■ EXERCISE DIRECTIONS ■
Below are the entries; give again exactly the lines from the one mentioning "using lipschitz_onD[OF assms(3)" through the one mentioning "(path_image \<gamma>) (\<lambda>z.", inclusive.

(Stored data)
---*---

(* Let $(S_1,\dots,S_{n-1},P)$ be a $\Gamma_n$-contraction on a Hilbert space $\mathcal H$ with $P^{*m}\to0$ strongly, and let $(B_1,\dots,B_{n-1})$ be the fundamental operator tuple of $(S_1^*,\dots,S_{n-1}^*,P^* )$. Let $\mathcal H_P=(H^2(\mathbb D)\otimes\mathcal D_{P^*})\ominus M_{\Theta_P}(H^2(\mathbb D)\otimes\mathcal D_P)$. Then for each $i=1,\dots,n-1$, $S_i$ is unitarily equivalent to $P_{\mathcal H_P}(I\otimes B_i^*+M_z\otimes B_{n-i})|_{\mathcal H_P}$, and $P$ is unitarily equivalent to $P_{\mathcal H_P}(M_z\otimes I_{\mathcal D_{P^*}})|_{\mathcal H_P}$.
   Context: $\Gamma_n=\pi_n(\overline{\mathbb D}^n)$ with $\pi_n$ the symmetrization map. A $\Gamma_n$-contraction is a commuting tuple with Taylor joint spectrum in $\Gamma_n$ and $\|f(\cdot)\|\le\sup_{\Gamma_n}|f|$ for polynomials. $D_T=(I-T^*T)^{1/2}$, $\mathcal D_T=\overline{\operatorname{Ran}}D_T$. The fundamental operator tuple of the $\Gamma_n$-contraction $(S_1^*,\dots,S_{n-1}^*,P^* )$ is the unique $(B_1,\dots,B_{n-1})$ in $\mathcal B(\mathcal D_{P^*})$ with $S_i^*-S_{n-i}P^*=D_{P^*}B_iD_{P^*}$. $\Theta_P(z)=[-P+zD_{P^*}(I-zP^* )^{-1}D_P]|_{\mathcal D_P}$, $z\in\mathbb D$, is the characteristic function of $P$, and $M_{\Theta_P}:H^2(\mathbb D)\otimes\mathcal D_P\to H^2(\mathbb D)\otimes\mathcal D_{P^*}$ the induced multiplication operator. $M_z$ is multiplication by $z$ on $H^2(\mathbb D)$; $P_{\mathcal H_P}$ the orthogonal projection onto $\mathcal H_P$. *)

theory Defs
  imports "HOL-Analysis.Analysis"
begin
lemma powr_arclength_integral_bound_consequences:
  fixes g :: "real \<Rightarrow> 'a::metric_space" and d :: "'a \<Rightarrow> real"
  assumes "path g" "rectifiable g" "1-lipschitz_on (path_image g) d"
    and "\<And>z. z \<in> path_image g \<Longrightarrow> 0 < d z" and "0 < \<alpha>" "\<alpha> < 1" "1 \<le> C"
    and "arclength_integral g (\<lambda>z. d z powr (\<alpha> - 1)) \<le> C * curve_length g powr \<alpha>"
  shows "(\<exists>zb\<in>path_image g. curve_length g \<le> C powr (1 / (1 - \<alpha>)) * d zb)
       \<and> arclength_integral g (\<lambda>z. d z powr (\<alpha> - 1)) / curve_length g
           \<le> 2 * C * (INF z\<in>path_image g. d z powr (\<alpha> - 1))"
proof -
  let ?K = "path_image g" and ?I = "arclength_integral g (\<lambda>z. d z powr (\<alpha> - 1))"
  define L where "L = curve_length g"
  have d: "continuous_on ?K d" using assms(3) by (rule lipschitz_on_continuous_on)
  have K: "compact ?K" "?K \<noteq> {}" using compact_path_image[OF assms(1)] by (auto simp: path_image_def)
  obtain zb where zb: "zb \<in> ?K" "\<And>z. z \<in> ?K \<Longrightarrow> d z \<le> d zb"
    using continuous_attains_sup[OF K d] by blast
  obtain zm where zm: "zm \<in> ?K" "\<And>z. z \<in> ?K \<Longrightarrow> d zm \<le> d z"
    using continuous_attains_inf[OF K d] by blast
  have powr_between: "d zb powr (\<alpha> - 1) \<le> d z powr (\<alpha> - 1) \<and> d z powr (\<alpha> - 1) \<le> d zm powr (\<alpha> - 1)"
    if "z \<in> ?K" for z
    using that zb zm assms(4,6) by (auto intro!: powr_mono2')
  have "continuous_on ?K (\<lambda>z. d z powr (\<alpha> - 1))"
    using assms(4) by (intro continuous_on_powr d continuous_on_const) force
  note I_bounds = arclength_integral_bounds[OF assms(1,2) this powr_between]
  have L: "0 \<le> L" unfolding L_def using assms(2) by (rule curve_length_nonneg)
  have "L \<le> C powr (1 / (1 - \<alpha>)) * d zb"
    using I_bounds(1) assms(4-8) zb(1) L unfolding L_def
    by (intro le_powr_of_powr_integral_bound) auto
  moreover have "d zb \<le> d zm + L"
  proof -
    obtain u v where "u \<in> {0..1}" "v \<in> {0..1}" "g u = zb" "g v = zm"
      using zb(1) zm(1) by (auto simp: path_image_def)
    then have "dist zb zm \<le> L" unfolding L_def using dist_le_curve_length[OF assms(2)] by blast
    moreover have "dist (d zb) (d zm) \<le> dist zb zm"
      using lipschitz_onD[OF assms(3) zb(1) zm(1)] by simp
    ultimately show ?thesis by (simp add: dist_real_def)
  qed
  then have "?I / L \<le> 2 * C * d zb powr (\<alpha> - 1)"
    using I_bounds(2) assms(4-8) zb(1) zm(1) L unfolding L_def
    by (intro mean_le_twice_powr) auto
  moreover have "d zb powr (\<alpha> - 1) \<le> (INF z\<in>?K. d z powr (\<alpha> - 1))"
    using powr_between by (intro cINF_greatest K(2)) blast
  then have "2 * C * d zb powr (\<alpha> - 1) \<le> 2 * C * (INF z\<in>?K. d z powr (\<alpha> - 1))"
    using assms(7) by (intro mult_left_mono) auto
  ultimately show ?thesis using zb(1) unfolding L_def by auto
qed

theorem lemma2p2:
  fixes \<Omega> :: "'a::euclidean_space set" and x y :: 'a
    and \<gamma> :: "real \<Rightarrow> 'a" and \<alpha> C :: real
  assumes "open \<Omega>" and "connected \<Omega>" and "\<Omega> \<noteq> UNIV"
    and "x \<in> \<Omega>" and "y \<in> \<Omega>"
    and "path \<gamma>" and "rectifiable \<gamma>" and "path_image \<gamma> \<subseteq> \<Omega>"
    and "pathstart \<gamma> = x" and "pathfinish \<gamma> = y"
    and "0 < \<alpha>" and "\<alpha> < 1" and "1 \<le> C"
    and "arclength_integral \<gamma> (\<lambda>z. infdist z (frontier \<Omega>) powr (\<alpha> - 1))
           \<le> C * curve_length \<gamma> powr \<alpha>"
  shows "(\<exists>zb\<in>path_image \<gamma>.
            curve_length \<gamma> \<le> C powr (1 / (1 - \<alpha>)) * infdist zb (frontier \<Omega>))
       \<and> arclength_integral \<gamma> (\<lambda>z. infdist z (frontier \<Omega>) powr (\<alpha> - 1)) / curve_length \<gamma>
           \<le> 2 * C * (INF z\<in>path_image \<gamma>. infdist z (frontier \<Omega>) powr (\<alpha> - 1))"
proof (rule powr_arclength_integral_bound_consequences)
  show "1-lipschitz_on (path_image \<gamma>) (\<lambda>z. infdist z (frontier \<Omega>))"
    by (intro lipschitz_onI) (auto simp: dist_real_def infdist_triangle_abs)
  have "frontier \<Omega> \<noteq> {}" using frontier_not_empty assms(3,4) by blast
  moreover have "z \<notin> frontier \<Omega>" if "z \<in> \<Omega>" for z
    using that assms(1) by (simp add: frontier_def interior_open)
  ultimately show "0 < infdist z (frontier \<Omega>)" if "z \<in> path_image \<gamma>" for z
    using that assms(8) by (auto intro: infdist_pos_not_in_closed)
qed (use assms in auto)

end
(* Suppose there exists a $(v,k;r)$-MOHS $\{\mathcal P_1,\dots,\mathcal P_r\}$ over an abelian group $G$ of order $2v+1$ in which every block of every $\mathcal P_i$ admits an ordering $(b_0,\dots,b_{k-1})$ whose partial sums $b_0,b_0+b_1,\dots,b_0+\dots+b_{k-1}$ are pairwise distinct. Then there exist $r$ pairwise orthogonal $k$-cycle systems of order $2v+1$.
   Context: A half-set of an abelian group $G$ of odd order $2v+1\ge7$ is a subset $V\subseteq G\setminus\{0\}$ containing exactly one element of each pair $\{g,-g\}$, $g\ne0$. A $(v,k)$ Heffter system on $V$ is a partition of $V$ into blocks of size $k$ each summing to $0$ in $G$. Two Heffter systems on the same half-set are orthogonal if every block of one meets every block of the other in at most one element; a $(v,k;r)$-MOHS is a set of $r$ pairwise orthogonal $(v,k)$ Heffter systems on a common half-set. A $k$-cycle $(x_0,\dots,x_{k-1})$ on distinct vertices has edges $\{x_i,x_{i+1}\}$ (indices mod $k$). A $k$-cycle system of order $m$ is a set of $k$-cycles whose edge sets partition the edges of $K_m$; two such systems on the same vertex set are orthogonal if every cycle of one shares at most one edge with every cycle of the other. *)

theory Defs
  imports Main
begin

definition half_set :: "'g::ab_group_add set \<Rightarrow> bool" where
  "half_set V \<longleftrightarrow> 0 \<notin> V \<and> (\<forall>g. g \<noteq> 0 \<longrightarrow> (g \<in> V \<longleftrightarrow> - g \<notin> V))"
(* Let $\mathcal{A}$ be a topological ring, let $\mathcal{B}$ be a topological $\mathcal{A}$-algebra and let $c\colon\mathcal{B}\to\widehat{\mathcal{B}}$ be the separated completion of $\mathcal{B}$. Then for every continuous iterated higher $\mathcal{A}$-derivation $D=\{D^{(i)}\}_{i\ge0}$ of $\mathcal{B}$ there exists a unique continuous iterated higher $\mathcal{A}$-derivation $\widehat{D}=\{\widehat{D}^{(i)}\}_{i\ge0}$ of $\widehat{\mathcal{B}}$ such that $\widehat{D}^{(i)}\circ c=c\circ D^{(i)}$ for every $i\ge0$. Furthermore, if $D$ is topologically integrable, then so is $\widehat{D}$.
   Context: Conventions: topological rings are linearly topologized with a countable fundamental system of open ideals; homomorphisms are continuous; a topological $\mathcal{A}$-algebra is a topological ring with a continuous homomorphism from $\mathcal{A}$. The separated completion is $\widehat{\mathcal{B}}=\varprojlim_{\mathfrak{b}}\mathcal{B}/\mathfrak{b}$ over open ideals (quotients discrete) with inverse limit topology, and $c$ the canonical map. A continuous iterated higher $\mathcal{A}$-derivation of $\mathcal{B}$ is a family $\{D^{(i)}\}_{i\ge0}$ of continuous $\mathcal{A}$-module homomorphisms $\mathcal{B}\to\mathcal{B}$ with $D^{(0)}=\mathrm{id}$, $D^{(i)}(bb')=\sum_{j=0}^iD^{(j)}(b)D^{(i-j)}(b')$, and $D^{(i)}\circ D^{(j)}=\binom{i+j}{i}D^{(i+j)}$. It is topologically integrable if $(D^{(i)})_i$ converges continuously to $0$: for every $b$ and every open ideal $\mathfrak{b}'$ there exist an open ideal $\mathfrak{b}$ and $n_0$ with $D^{(n)}(b+\mathfrak{b})\subseteq\mathfrak{b}'$ for all $n\ge n_0$. *)

theory Defs
  imports "HOL-Algebra.QuotRing" "HOL-Library.Countable_Set"
begin

text \<open>A linearly topologized (commutative) ring: the topology is given by a countable,
  nonempty, downward directed family F of ideals, a fundamental system of open ideals.\<close>
definition top_ring :: "('a, 'm) ring_scheme \<Rightarrow> 'a set set \<Rightarrow> bool" where
  "top_ring R F \<longleftrightarrow> cring R \<and> F \<noteq> {} \<and> countable F \<and> (\<forall>I\<in>F. ideal I R) \<and>
     (\<forall>I\<in>F. \<forall>J\<in>F. \<exists>K\<in>F. K \<subseteq> I \<inter> J)"

definition open_ideal :: "('a, 'm) ring_scheme \<Rightarrow> 'a set set \<Rightarrow> 'a set \<Rightarrow> bool" where
  "open_ideal R F I \<longleftrightarrow> ideal I R \<and> (\<exists>J\<in>F. J \<subseteq> I)"

definition top_continuous ::
  "('a, 'm) ring_scheme \<Rightarrow> 'a set set \<Rightarrow> ('b, 'n) ring_scheme \<Rightarrow> 'b set set \<Rightarrow> ('a \<Rightarrow> 'b) \<Rightarrow> bool" where
  "top_continuous R F S G f \<longleftrightarrow>
     (\<forall>x\<in>carrier R. \<forall>I. open_ideal S G I \<longrightarrow>
        (\<exists>J. open_ideal R F J \<and> (\<forall>y\<in>carrier R. y \<ominus>\<^bsub>R\<^esub> x \<in> J \<longrightarrow> f y \<ominus>\<^bsub>S\<^esub> f x \<in> I)))"
lemma infinite_pi_base:
  assumes T: "t1_space T" "crowded T" "topspace T \<noteq> {}" and B: "pi_base T B"
  shows "infinite B"
proof
  assume "finite B"
  have B_open: "openin T V" "V \<noteq> {}" if "V \<in> B" for V
    using B that unfolding pi_base_def by blast+
  then obtain c where c: "\<And>V. V \<in> B \<Longrightarrow> c V \<in> V" by (metis ex_in_conv)
  have "c ` B \<subseteq> topspace T" using c B_open(1) openin_subset by blast
  then have "closedin T (c ` B)" using T(1) \<open>finite B\<close> unfolding t1_space_closedin_finite by simp
  then have "openin T (topspace T - c ` B)" by (simp add: openin_diff)
  moreover have "topspace T - c ` B \<noteq> {}"
  proof
    assume "topspace T - c ` B = {}"
    then have "topspace T \<subseteq> c ` B" by blast
    then have "finite (topspace T)" using finite_subset finite_imageI[OF \<open>finite B\<close>] by blast
    then show False using infinite_openin_crowded_t1[OF T(1,2) _ T(3)] by simp
  qed
  ultimately obtain V where "V \<in> B" "V \<subseteq> topspace T - c ` B"
    using B unfolding pi_base_def by meson
  then show False using c by blast
qed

---*---

■ TASK ANSWER ■
      using lipschitz_onD[OF assms(3) zb(1) zm(1)] by simp
    ultimately show ?thesis by (simp add: dist_real_def)
  qed
  then have "?I / L \<le> 2 * C * d zb powr (\<alpha> - 1)"
    using I_bounds(2) assms(4-8) zb(1) zm(1) L unfolding L_def
    by (intro mean_le_twice_powr) auto
  moreover have "d zb powr (\<alpha> - 1) \<le> (INF z\<in>?K. d z powr (\<alpha> - 1))"
    using powr_between by (intro cINF_greatest K(2)) blast
  then have "2 * C * d zb powr (\<alpha> - 1) \<le> 2 * C * (INF z\<in>?K. d z powr (\<alpha> - 1))"
    using assms(7) by (intro mult_left_mono) auto
  ultimately show ?thesis using zb(1) unfolding L_def by auto
qed

theorem lemma2p2:
  fixes \<Omega> :: "'a::euclidean_space set" and x y :: 'a
    and \<gamma> :: "real \<Rightarrow> 'a" and \<alpha> C :: real
  assumes "open \<Omega>" and "connected \<Omega>" and "\<Omega> \<noteq> UNIV"
    and "x \<in> \<Omega>" and "y \<in> \<Omega>"
    and "path \<gamma>" and "rectifiable \<gamma>" and "path_image \<gamma> \<subseteq> \<Omega>"
    and "pathstart \<gamma> = x" and "pathfinish \<gamma> = y"
    and "0 < \<alpha>" and "\<alpha> < 1" and "1 \<le> C"
    and "arclength_integral \<gamma> (\<lambda>z. infdist z (frontier \<Omega>) powr (\<alpha> - 1))
           \<le> C * curve_length \<gamma> powr \<alpha>"
  shows "(\<exists>zb\<in>path_image \<gamma>.
            curve_length \<gamma> \<le> C powr (1 / (1 - \<alpha>)) * infdist zb (frontier \<Omega>))
       \<and> arclength_integral \<gamma> (\<lambda>z. infdist z (frontier \<Omega>) powr (\<alpha> - 1)) / curve_length \<gamma>
           \<le> 2 * C * (INF z\<in>path_image \<gamma>. infdist z (frontier \<Omega>) powr (\<alpha> - 1))"
proof (rule powr_arclength_integral_bound_consequences)
  show "1-lipschitz_on (path_image \<gamma>) (\<lambda>z. infdist z (frontier \<Omega>))"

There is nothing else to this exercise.